Flow-OPD: On-Policy Distillation for Flow Matching Models

Flow-OPD integrates On-Policy Distillation into the Flow Matching pipeline, replacing sparse scalar rewards with dense, trajectory-level, multi-teacher vector field supervision. Evaluated on SD-3.5-Medium, Flow-OPD achieves +18pt average improvement over vanilla GRPO and surpasses individual teacher models on OCR and DeQA.

🚀 Quick Started

1. Environment Set Up

Clone this repository and install packages.

git clone https://github.com/CostaliyA/Flow-OPD.git
cd Flow_OPD
conda create -n flow_grpo python=3.10.16
pip install -e .

2. Model Download

To avoid redundant downloads and potential storage waste during multi-GPU training, please pre-download the required models in advance.

Models

We optimized the OCR and Deqa experts to achieve better training results.

SD3.5: stabilityai/stable-diffusion-3.5-medium
GenEval Teacher: CostaliyA/SD3.5M-FlowGRPO-OCR-3240 or jieliu/SD3.5M-FlowGRPO-GenEval
OCR Teacher: jieliu/SD3.5M-FlowGRPO-Text
PickScore Teacher: jieliu/SD3.5M-FlowGRPO-PickScore
Deqa Teacher(optional): CostaliyA/SD3.5M-FlowGRPO-Deqa-Mix

Reward Models

PickScore:
- laion/CLIP-ViT-H-14-laion2B-s32B-b79K
- yuvalkirstain/PickScore_v1
CLIPScore: openai/clip-vit-large-patch14
Aesthetic Score: openai/clip-vit-large-patch14

3. Reward Preparation

The steps above only install the current repository. Since each reward model may rely on different versions, combining them in one Conda environment can cause version conflicts. To avoid this, we adopt a remote server setup inspired by ddpo-pytorch.

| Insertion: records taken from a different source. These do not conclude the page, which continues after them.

lemma level_sum_odometer_portrait: "level_sum p (odometer_portrait p) n = 1"
proof -
  have "level_sum p (odometer_portrait p) n
      = (\<Sum>u\<in>level p n. (\<lambda>t. if t = level_size p n - 1 then 1 else 0) (vertex_index p u))"
    unfolding level_sum_def by (rule sum.cong) (auto simp: odometer_portrait_def length_level)
  also have "\<dots> = (\<Sum>t<level_size p n. if t = level_size p n - 1 then 1 else 0)"
    by (rule sum.reindex_bij_betw[OF bij_betw_vertex_index])
  also have "\<dots> = 1"
    using level_size_pos[of n] by simp
  finally show ?thesis .
qed

lemma level_sum_reindex: "(\<Sum>u \<in> level p n. M (portrait_map p M' u)) = level_sum p M n"
  unfolding level_sum_def by (rule sum.reindex_bij_betw[OF bij_betw_portrait_map_level])

lemma level_sum_portrait_comp:
  "level_sum p (\<lambda>u. M2 u + M1 (portrait_map p M2 u)) n = level_sum p M2 n + level_sum p M1 n"
  using level_sum_reindex[of M1 M2 n] by (simp add: level_sum_def sum.distrib)

lemma level_sum_rotation:
  assumes "n < k"
  shows "[level_sum p (rotation (truncated p k (portrait_map p M))) n = level_sum p M n] (mod int (p (Suc n)))"
  unfolding level_sum_def using assms
  by (intro cong_sum) (simp add: rotation_truncated_portrait level_in_tree_verts length_level cong_def)

lemma level_sum_rotation_comp:
  assumes "g \<in> carrier (H p k)" "h \<in> carrier (H p k)" "n < k"
  shows "[level_sum p (rotation (g \<circ> h)) n
          = level_sum p (rotation g) n + level_sum p (rotation h) n] (mod int (p (Suc n)))"
proof -
  from assms(1,2) obtain M1 M2 where g: "g = truncated p k (portrait_map p M1)"
    and h: "h = truncated p k (portrait_map p M2)"
    by (auto simp: carrier_H)
  have "[level_sum p (rotation (g \<circ> h)) n
        = level_sum p (\<lambda>u. M2 u + M1 (portrait_map p M2 u)) n] (mod int (p (Suc n)))"
    unfolding g h truncated_portrait_comp by (rule level_sum_rotation[OF assms(3)])
  also have "level_sum p (\<lambda>u. M2 u + M1 (portrait_map p M2 u)) n = level_sum p M2 n + level_sum p M1 n"
    by (rule level_sum_portrait_comp)
  also have "[level_sum p M2 n + level_sum p M1 n
      = level_sum p (rotation g) n + level_sum p (rotation h) n] (mod int (p (Suc n)))"
    using level_sum_rotation[OF assms(3)] by (simp add: g h add.commute cong_add cong_sym)
  finally show ?thesis .
qed

lemma level_sum_rotation_inv:
  assumes g: "g \<in> carrier (H p k)" and n: "n < k"
  shows "[level_sum p (rotation (inv\<^bsub>H p k\<^esub> g)) n + level_sum p (rotation g) n = 0] (mod int (p (Suc n)))"
proof -
  interpret group "H p k" by (rule group_H)
  have "[level_sum p (rotation (inv\<^bsub>H p k\<^esub> g \<circ> g)) n
      = level_sum p (rotation (inv\<^bsub>H p k\<^esub> g)) n + level_sum p (rotation g) n] (mod int (p (Suc n)))"
    using inv_closed[OF g] g n by (rule level_sum_rotation_comp)
  moreover have "inv\<^bsub>H p k\<^esub> g \<circ> g = id"
    using l_inv[OF g] by simp
  ultimately show ?thesis
    by (simp add: level_sum_def cong_sym)
qed

lemma truncated_portrait_in_balanced_iff:
  "truncated p k (portrait_map p M) \<in> balanced_subgroup p k \<longleftrightarrow>
     (\<forall>n<k. int (p (Suc n)) dvd level_sum p M n)"
proof -
  have "int (p (Suc n)) dvd level_sum p (rotation (truncated p k (portrait_map p M))) n
      \<longleftrightarrow> int (p (Suc n)) dvd level_sum p M n" if "n < k" for n
    using cong_dvd_iff[OF level_sum_rotation[OF that]] .
  then show ?thesis
    by (simp add: balanced_subgroup_def truncated_portrait_in_H)
qed

lemma subgroup_balanced: "subgroup (balanced_subgroup p k) (H p k)"
proof -
  interpret group "H p k" by (rule group_H)
  show ?thesis
  proof (rule subgroupI)
    show "balanced_subgroup p k \<subseteq> carrier (H p k)"
      by (auto simp: balanced_subgroup_def)
    show "balanced_subgroup p k \<noteq> {}"
      using one_closed by (auto simp: balanced_subgroup_def level_sum_def)
  next
    fix g h assume g: "g \<in> balanced_subgroup p k" and h: "h \<in> balanced_subgroup p k"
    then have "g \<in> carrier (H p k)" "h \<in> carrier (H p k)"
      by (auto simp: balanced_subgroup_def)
    then have "int (p (Suc n)) dvd level_sum p (rotation (g \<circ> h)) n" if "n < k" for n
      using g h that cong_dvd_iff[OF level_sum_rotation_comp[of g k h n]]
      by (simp add: balanced_subgroup_def)
    then show "g \<otimes>\<^bsub>H p k\<^esub> h \<in> balanced_subgroup p k"
      using m_closed[of g h] g h by (simp add: balanced_subgroup_def)
  next
    fix g assume g: "g \<in> balanced_subgroup p k"
    then have g_carrier: "g \<in> carrier (H p k)" "inv\<^bsub>H p k\<^esub> g \<in> carrier (H p k)"
      by (auto simp: balanced_subgroup_def)
    have "int (p (Suc n)) dvd level_sum p (rotation (inv\<^bsub>H p k\<^esub> g)) n" if n: "n < k" for n
      using level_sum_rotation_inv[OF g_carrier(1) n] g n
      by (simp add: balanced_subgroup_def cong_0_iff dvd_add_left_iff)
    with g_carrier show "inv\<^bsub>H p k\<^esub> g \<in> balanced_subgroup p k"
      by (simp add: balanced_subgroup_def)
  qed
qed

lemma commutator_in_balanced:
  assumes a: "a \<in> carrier (H p k)" and b: "b \<in> carrier (H p k)"
  shows "commutator (H p k) a b \<in> balanced_subgroup p k"
proof -
  interpret group "H p k" by (rule group_H)
  let ?a' = "inv\<^bsub>H p k\<^esub> a" and ?b' = "inv\<^bsub>H p k\<^esub> b"
  have closed: "?a' \<in> carrier (H p k)" "?b' \<in> carrier (H p k)"
    "a \<circ> b \<in> carrier (H p k)" "a \<circ> b \<circ> ?a' \<in> carrier (H p k)"
    using m_closed[OF m_closed[OF a b] inv_closed[OF a]] m_closed[OF a b] a b by simp_all
  have "int (p (Suc n)) dvd level_sum p (rotation (a \<circ> b \<circ> ?a' \<circ> ?b')) n" if n: "n < k" for n
  proof -
    define \<sigma> where "\<sigma> x = level_sum p (rotation x) n" for x
    let ?P = "int (p (Suc n))"
    have sum: "[\<sigma> (x \<circ> y) = \<sigma> x + \<sigma> y] (mod ?P)"
      if "x \<in> carrier (H p k)" "y \<in> carrier (H p k)" for x y
      unfolding \<sigma>_def using that n by (rule level_sum_rotation_comp)
    have inv: "[\<sigma> (inv\<^bsub>H p k\<^esub> x) + \<sigma> x = 0] (mod ?P)" if "x \<in> carrier (H p k)" for x
      unfolding \<sigma>_def using that n by (rule level_sum_rotation_inv)
    have "[\<sigma> (a \<circ> b \<circ> ?a' \<circ> ?b') = \<sigma> (a \<circ> b \<circ> ?a') + \<sigma> ?b'] (mod ?P)"
      using closed by (intro sum)
    also have "[\<sigma> (a \<circ> b \<circ> ?a') + \<sigma> ?b' = \<sigma> (a \<circ> b) + \<sigma> ?a' + \<sigma> ?b'] (mod ?P)"
      using closed by (intro cong_add sum cong_refl)
    also have "[\<sigma> (a \<circ> b) + \<sigma> ?a' + \<sigma> ?b' = \<sigma> a + \<sigma> b + \<sigma> ?a' + \<sigma> ?b'] (mod ?P)"
      using a b by (intro cong_add sum cong_refl)
    also have "\<sigma> a + \<sigma> b + \<sigma> ?a' + \<sigma> ?b' = (\<sigma> ?a' + \<sigma> a) + (\<sigma> ?b' + \<sigma> b)"
      by simp
    also have "[(\<sigma> ?a' + \<sigma> a) + (\<sigma> ?b' + \<sigma> b) = 0 + 0] (mod ?P)"
      using a b by (intro cong_add inv)
    finally show ?thesis
      by (simp only: \<sigma>_def cong_0_iff add_0)
  qed
  moreover have "a \<circ> b \<circ> ?a' \<circ> ?b' \<in> carrier (H p k)"
    using m_closed[OF closed(4,2)] by simp
  ultimately show ?thesis
    by (simp add: balanced_subgroup_def commutator_def)
qed

end

section \<open>Balanced elements are commutators\<close>

definition odometer :: "(nat \<Rightarrow> nat) \<Rightarrow> nat \<Rightarrow> nat list \<Rightarrow> nat list" where
  "odometer p k = truncated p k (portrait_map p (odometer_portrait p))"

definition level_vertex :: "(nat \<Rightarrow> nat) \<Rightarrow> nat \<Rightarrow> nat \<Rightarrow> nat list" where
  "level_vertex p n t = inv_into (level p n) (vertex_index p) t"

text \<open>The portrait of a conjugator \<open>a\<close> with \<open>h a = a b\<close>, where \<open>C\<close> is the portrait of \<open>h\<close> and
  \<open>b\<close> the odometer, built level by level: along the cycle of \<open>b\<close> on level \<open>n\<close> the exponent of
  \<open>a\<close> is the partial sum of the defects \<open>C (a w) - odometer_portrait p w\<close> of the vertices passed.\<close>

fun conjugator_portrait :: "(nat \<Rightarrow> nat) \<Rightarrow> (nat list \<Rightarrow> int) \<Rightarrow> nat \<Rightarrow> nat list \<Rightarrow> int" where
  "conjugator_portrait p C 0 = (\<lambda>u. 0)"
| "conjugator_portrait p C (Suc n) = (\<lambda>u.
     if length u = n then
       (\<Sum>t < vertex_index p u.
          C (portrait_map p (conjugator_portrait p C n) (level_vertex p n t))
          - odometer_portrait p (level_vertex p n t))
     else conjugator_portrait p C n u)"

lemma conjugator_portrait_stable:
  "length w < n \<Longrightarrow> n \<le> m \<Longrightarrow> conjugator_portrait p C m w = conjugator_portrait p C n w"
proof (induction m)
  case (Suc m)
  show ?case
  proof (cases "n = Suc m")
    case False
    with Suc.prems have "n \<le> m" "length w \<noteq> m"
      by auto
    with Suc.IH Suc.prems(1) show ?thesis
      by simp
  qed simp
qed simp

lemma portrait_map_conjugator_portrait:
  assumes "length w \<le> n" "n \<le> m"
  shows "portrait_map p (conjugator_portrait p C m) w = portrait_map p (conjugator_portrait p C n) w"
proof (rule portrait_map_cong)
  fix i assume "i < length w"
  with assms show "conjugator_portrait p C m (take i w) = conjugator_portrait p C n (take i w)"
    by (intro conjugator_portrait_stable) auto
qed

lemma conjugator_portrait_on_level:
  assumes "length w = n" "n < k"
  shows "conjugator_portrait p C k w
    = (\<Sum>t < vertex_index p w. C (portrait_map p (conjugator_portrait p C n) (level_vertex p n t))
                                 - odometer_portrait p (level_vertex p n t))"
  using conjugator_portrait_stable[of w "Suc n" k p C] assms by simp
lemma cech_cocycle_mono: "N1 \<subseteq> N2 \<Longrightarrow> cech_cocycle i N1 a k \<Longrightarrow> cech_cocycle i N2 a k"
  unfolding cech_cocycle_def using loc_zero_mono by blast

lemma cech_cocycle_shift:
  assumes "is_ideal N'" "cech_cocycle i N' a k"
  shows "cech_cocycle i N' (\<lambda>S. xS S ^ (m + l) * a S - xS S ^ (m + k) * cech_d b l S) (k + (m + l))"
  using assms loc_zero_mult unfolding cech_cocycle_def cech_d_shift by blast

lemma cech_cochain_shift_of_loc_zero:
  fixes a :: "'v::{finite,linorder} set \<Rightarrow> ('v, 'k::comm_ring_1) mpoly"
  assumes "is_ideal B"
    and "\<forall>S. card S = i \<longrightarrow> loc_zero B S (xS S ^ l * a S - xS S ^ k * cech_d b l S)"
  shows "\<exists>m. cech_cochain i B (\<lambda>S. xS S ^ (m + l) * a S - xS S ^ (m + k) * cech_d b l S)"
proof -
  obtain m where "\<forall>S. card S = i \<longrightarrow> xS S ^ m * (xS S ^ l * a S - xS S ^ k * cech_d b l S) \<in> B"
    using loc_zero_common_exponent[OF assms] by blast
  moreover have "xS S ^ m * (xS S ^ l * a S - xS S ^ k * cech_d b l S)
      = xS S ^ (m + l) * a S - xS S ^ (m + k) * cech_d b l S" for S :: "'v set"
    by (simp add: power_add algebra_simps)
  ultimately show ?thesis
    unfolding cech_cochain_def by auto
qed

lemma cech_coboundary_of_shift:
  assumes A: "is_ideal A" and "B \<subseteq> A" and bA: "\<forall>S. card S + 1 = i \<longrightarrow> b S \<in> A"
    and "cech_coboundary i B C (\<lambda>S. xS S ^ (m + l) * a S - xS S ^ (m + k) * cech_d b l S) (k + (m + l))"
  shows "cech_coboundary i A C a k"
proof -
  obtain c l' where cB: "\<forall>S. card S + 1 = i \<longrightarrow> c S \<in> B"
    and cC: "\<forall>S. card S = i \<longrightarrow> loc_zero C S (xS S ^ l' *
               (xS S ^ (m + l) * a S - xS S ^ (m + k) * cech_d b l S)
               - xS S ^ (k + (m + l)) * cech_d c l' S)"
    using assms(4) unfolding cech_coboundary_def by blast
  define b' where "b' S = xS S ^ l' * b S + xS S ^ l * c S" for S
  have db': "cech_d b' (l + l') S = xS S ^ l' * cech_d b l S + xS S ^ l * cech_d c l' S" for S
  proof -
    have "cech_d b' (l + l') S
        = cech_d (\<lambda>S. xS S ^ l' * b S) (l + l') S + cech_d (\<lambda>S. xS S ^ l * c S) (l' + l) S"
      unfolding b'_def cech_d_add by (simp add: ac_simps)
    then show ?thesis by (simp only: cech_d_xS_power_mult)
  qed
  have "b' S \<in> A" if "card S + 1 = i" for S
  proof -
    have "b S \<in> A" "c S \<in> A" using that bA cB \<open>B \<subseteq> A\<close> by auto
    then show ?thesis
      unfolding b'_def by (intro is_ideal_add[OF A] is_ideal_mult_left[OF A])
  qed
  moreover have "loc_zero C S (xS S ^ (l + l') * a S - xS S ^ k * cech_d b' (l + l') S)"
    if "card S = i" for S
  proof -
    have "loc_zero C S (xS S ^ l' * (xS S ^ (m + l) * a S - xS S ^ (m + k) * cech_d b l S)
          - xS S ^ (k + (m + l)) * cech_d c l' S)"
      using cC that by blast
    also have "xS S ^ l' * (xS S ^ (m + l) * a S - xS S ^ (m + k) * cech_d b l S)
          - xS S ^ (k + (m + l)) * cech_d c l' S
        = xS S ^ m * (xS S ^ (l + l') * a S - xS S ^ k * cech_d b' (l + l') S)"
      unfolding db' by (simp add: power_add algebra_simps)
    finally show ?thesis by (rule loc_zero_xS_power_multD)
  qed
  ultimately show ?thesis unfolding cech_coboundary_def by blast
qed

text \<open>Exactness of \<open>H^j(B/C) \<rightarrow> H^j(A/C) \<rightarrow> H^j(A/B)\<close> at the middle term.\<close>
lemma not_local_cohom_nonzero_quot_trans:
  fixes A B C :: "('v::{finite,linorder}, 'k::comm_ring_1) mpoly set"
  assumes A: "is_ideal A" and B: "is_ideal B" and C: "is_ideal C" and "C \<subseteq> B" "B \<subseteq> A"
    and BC: "\<not> local_cohom_nonzero j B C" and AB: "\<not> local_cohom_nonzero j A B"
  shows "\<not> local_cohom_nonzero j A C"
proof
  assume "local_cohom_nonzero j A C"
  then obtain a k where aA: "cech_cochain j A a" and aC: "cech_cocycle j C a k"
    and not_cob: "\<not> cech_coboundary j A C a k"
    unfolding local_cohom_nonzero_iff by blast
  have "cech_coboundary j A B a k"
    using AB aA cech_cocycle_mono[OF \<open>C \<subseteq> B\<close> aC] unfolding local_cohom_nonzero_iff by blast
  then obtain b l where bA: "\<forall>S. card S + 1 = j \<longrightarrow> b S \<in> A"
    and bB: "\<forall>S. card S = j \<longrightarrow> loc_zero B S (xS S ^ l * a S - xS S ^ k * cech_d b l S)"
    unfolding cech_coboundary_def by blast
  define a' where "a' m S = xS S ^ (m + l) * a S - xS S ^ (m + k) * cech_d b l S" for m S
  obtain m where "cech_cochain j B (a' m)"
    using cech_cochain_shift_of_loc_zero[OF B bB] unfolding a'_def by blast
  moreover have "cech_cocycle j C (a' m) (k + (m + l))"
    unfolding a'_def using cech_cocycle_shift[OF C aC] .
  ultimately have "cech_coboundary j B C (a' m) (k + (m + l))"
    using BC unfolding local_cohom_nonzero_iff by blast
  then have "cech_coboundary j A C a k"
    using cech_coboundary_of_shift[OF A \<open>B \<subseteq> A\<close> bA] unfolding a'_def by blast
  with not_cob show False ..
qed

text \<open>Exactness of \<open>H^j(A/B) \<rightarrow> H^(j+1)(B/C) \<rightarrow> H^(j+1)(A/C)\<close> at the middle term.\<close>
lemma not_local_cohom_nonzero_Suc_sub:
  fixes A B C :: "('v::{finite,linorder}, 'k::comm_ring_1) mpoly set"
  assumes B: "is_ideal B" and C: "is_ideal C" and "C \<subseteq> B" "B \<subseteq> A"
    and AC: "\<not> local_cohom_nonzero (Suc j) A C" and AB: "\<not> local_cohom_nonzero j A B"
  shows "\<not> local_cohom_nonzero (Suc j) B C"
proof
  assume "local_cohom_nonzero (Suc j) B C"
  then obtain a k where aB: "cech_cochain (Suc j) B a" and aC: "cech_cocycle (Suc j) C a k"
    and not_cob: "\<not> cech_coboundary (Suc j) B C a k"
    unfolding local_cohom_nonzero_iff by blast
  have "cech_cochain (Suc j) A a"
    using aB \<open>B \<subseteq> A\<close> unfolding cech_cochain_def by blast
  then have "cech_coboundary (Suc j) A C a k"
    using AC aC unfolding local_cohom_nonzero_iff by blast
  then obtain b l where bA: "cech_cochain j A b"
    and bC: "\<forall>S. card S = Suc j \<longrightarrow> loc_zero C S (xS S ^ l * a S - xS S ^ k * cech_d b l S)"
    unfolding cech_coboundary_def cech_cochain_def by auto
  have "cech_cocycle j B b l"
    unfolding cech_cocycle_def
  proof (intro allI impI)
    fix T :: "'v set" assume T: "card T = Suc j"
    then obtain s where s: "xS T ^ s * (xS T ^ l * a T - xS T ^ k * cech_d b l T) \<in> B"
      using bC \<open>C \<subseteq> B\<close> unfolding loc_zero_def by blast
    have "xS T ^ (s + l) * a T \<in> B"
      using aB T is_ideal_mult_left[OF B] unfolding cech_cochain_def by blast
    then have "xS T ^ (s + l) * a T - xS T ^ s * (xS T ^ l * a T - xS T ^ k * cech_d b l T) \<in> B"
      using s is_ideal_diff[OF B] by blast
    then have "xS T ^ (s + k) * cech_d b l T \<in> B"
      by (simp add: power_add algebra_simps)
    then show "loc_zero B T (cech_d b l T)"
      unfolding loc_zero_def by blast
  qed
  then have "cech_coboundary j A B b l"
    using AB bA unfolding local_cohom_nonzero_iff by blast
  then obtain c l' where
    "\<forall>S. card S = j \<longrightarrow> loc_zero B S (xS S ^ l' * b S - xS S ^ l * cech_d c l' S)"
    unfolding cech_coboundary_def by blast
  then obtain m where
    b'B: "cech_cochain j B (\<lambda>S. xS S ^ (m + l') * b S - xS S ^ (m + l) * cech_d c l' S)"
    using cech_cochain_shift_of_loc_zero[OF B] by blast
  have "loc_zero C S (xS S ^ (l + (m + l')) * a S - xS S ^ k *
          cech_d (\<lambda>S. xS S ^ (m + l') * b S - xS S ^ (m + l) * cech_d c l' S) (l + (m + l')) S)"
    if "card S = Suc j" for S
  proof -
    have "xS S ^ (l + (m + l')) * a S - xS S ^ k *
            cech_d (\<lambda>S. xS S ^ (m + l') * b S - xS S ^ (m + l) * cech_d c l' S) (l + (m + l')) S
        = xS S ^ (m + l') * (xS S ^ l * a S - xS S ^ k * cech_d b l S)"
      unfolding cech_d_shift by (simp add: power_add algebra_simps)
    then show ?thesis
      using bC that loc_zero_mult[OF C] by metis
  qed
  with b'B have "cech_coboundary (Suc j) B C a k"
    unfolding cech_coboundary_def cech_cochain_def by fastforce
  with not_cob show False ..
qed
lemma nn_integral_Holder:
  fixes u v :: "'b \<Rightarrow> ennreal"
  assumes u: "u \<in> borel_measurable M" and v: "v \<in> borel_measurable M"
    and p: "p > 1" and q: "q > 1" and pq: "1/p + 1/q = 1"
  shows "(\<integral>\<^sup>+x. u x * v x \<partial>M)
    \<le> epow (\<integral>\<^sup>+x. epow (u x) p \<partial>M) (1/p) * epow (\<integral>\<^sup>+x. epow (v x) q \<partial>M) (1/q)"
    (is "_ \<le> epow ?A _ * epow ?B _")
proof (cases "?A = 0 \<or> ?B = 0")
  case True
  then show ?thesis
    using nn_integral_mult_eq_0_if_epow[OF u, where p = p and v = v]
      nn_integral_mult_eq_0_if_epow[OF v, where p = q and v = u]
    by (auto simp: mult.commute)
next
  case nonzero: False
  show ?thesis
  proof (cases "?A = \<top> \<or> ?B = \<top>")
    case True
    with nonzero show ?thesis
      by (auto simp: ennreal_mult_eq_top_iff)
  next
    case False
    with nonzero obtain a b where ab: "?A = ennreal a" "?B = ennreal b" "a > 0" "b > 0"
      by (metis enn2real_positive_iff ennreal_enn2real less_top not_gr_zero)
    define c where "c = a powr (1/p) * b powr (1/q)"
    have "(\<integral>\<^sup>+x. u x * v x \<partial>M)
        \<le> (\<integral>\<^sup>+x. ennreal (c / (p * a)) * epow (u x) p + ennreal (c / (q * b)) * epow (v x) q \<partial>M)"
      unfolding c_def by (intro nn_integral_mono Youngs_inequality_ennreal p q pq ab)
    also have "\<dots> = ennreal (c / (p * a)) * ennreal a + ennreal (c / (q * b)) * ennreal b"
      using u v ab by (simp add: nn_integral_add nn_integral_cmult)
    also have "\<dots> = ennreal (c * (1/p + 1/q))"
      using ab p q by (simp add: c_def field_simps flip: ennreal_mult ennreal_plus)
    also have "\<dots> = epow ?A (1/p) * epow ?B (1/q)"
      using ab pq by (simp add: c_def epow_ennreal ennreal_mult)
    finally show ?thesis .
  qed
qed

lemma Lpnorm_ennreal:
  "0 \<le> p \<Longrightarrow> Lpnorm (ennreal p) f = epow (\<integral>\<^sup>+ x. epow (f x) p \<partial>lborel) (1 / p)"
  by (simp add: Lpnorm_def)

You only need to install the specific reward model you plan to use.

GenEval

Please create a new Conda virtual environment and install the corresponding dependencies according to the instructions in reward-server.

OCR

Please install paddle-ocr:

pip install paddlepaddle-gpu==2.6.2
pip install paddleocr==2.9.1
pip install python-Levenshtein

Then, pre-download the model using the Python command line:

from paddleocr import PaddleOCR
ocr = PaddleOCR(use_angle_cls=False, lang="en", use_gpu=False, show_log=False)

Pickscore

PickScore requires no additional installation. Note that the original pickscore dataset corresponds to dataset/pickscore in this repository, containing some NSFW prompts. We strongly recommend using pickapic_v1_no_images_training_sfw, the SFW version of the Pick-a-Pic dataset, which corresponds to dataset/pickscore_sfw in this repository.

DeQA

Please create a new Conda virtual environment and install the corresponding dependencies according to the instructions in reward-server.

UnifiedReward

Since sglang may conflict with other environments, we recommend creating a new conda environment.

conda create -n sglang python=3.10.16
conda activate sglang
pip install "sglang[all]"

We use sglang to deploy the reward service. After installing sglang, please run the following command to launch UnifiedReward:

python -m sglang.launch_server --model-path CodeGoat24/UnifiedReward-7b-v1.5 --api-key flowgrpo --port 17140 --chat-template chatml-llava --enable-p2p-check --mem-fraction-static 0.85

ImageReward

Please install imagereward:

pip install image-reward
pip install git+https://github.com/openai/CLIP.git

QwenVL score

Please create a new Conda virtual environment with vllm:

pip install vllm
bash scripts/single_node/run_qwen_model.sh

and then change Line 130 (base_url) in rewards.py

4. Dataset Preparation

Note: All training and evaluation prompts are located in the dataset/ folder. Training prompts follow the format used in flow-grpo, and evaluation prompts follow T2I-CompBench.

5. Start Training

5.0 Cold Start (optional)

Before training, you can merge multiple expert LoRAs into a single cold-start LoRA to accelerate convergence:

bash scripts/single_node/merge.sh

After merging, set the merged LoRA path in the training config:

config.train.lora_path = "path/to/merged/lora"

5.1 GRPO-mix

First, the GenEval rewarder and deqa services need to be deployed on other nodes.

# Master node
bash scripts/multi_node/sd3_mix.sh 0
# Other nodes
bash scripts/multi_node/sd3_mix.sh 1
bash scripts/multi_node/sd3_mix.sh 2
bash scripts/multi_node/sd3_mix.sh 3

5.2 Flow-OPD

# Single-teacher OPD (local single-node, single GPU or multi-GPU)
bash scripts/single_node/sd3_opd_example.sh

# Multi-teacher OPD (local single-node, multi-GPU)
bash scripts/single_node/sd3_opd_mix_local.sh
# reward_mode: kl_only or gkd(sft)
# train.mar_lora: The lora path for full-process supervision defaults to the base model.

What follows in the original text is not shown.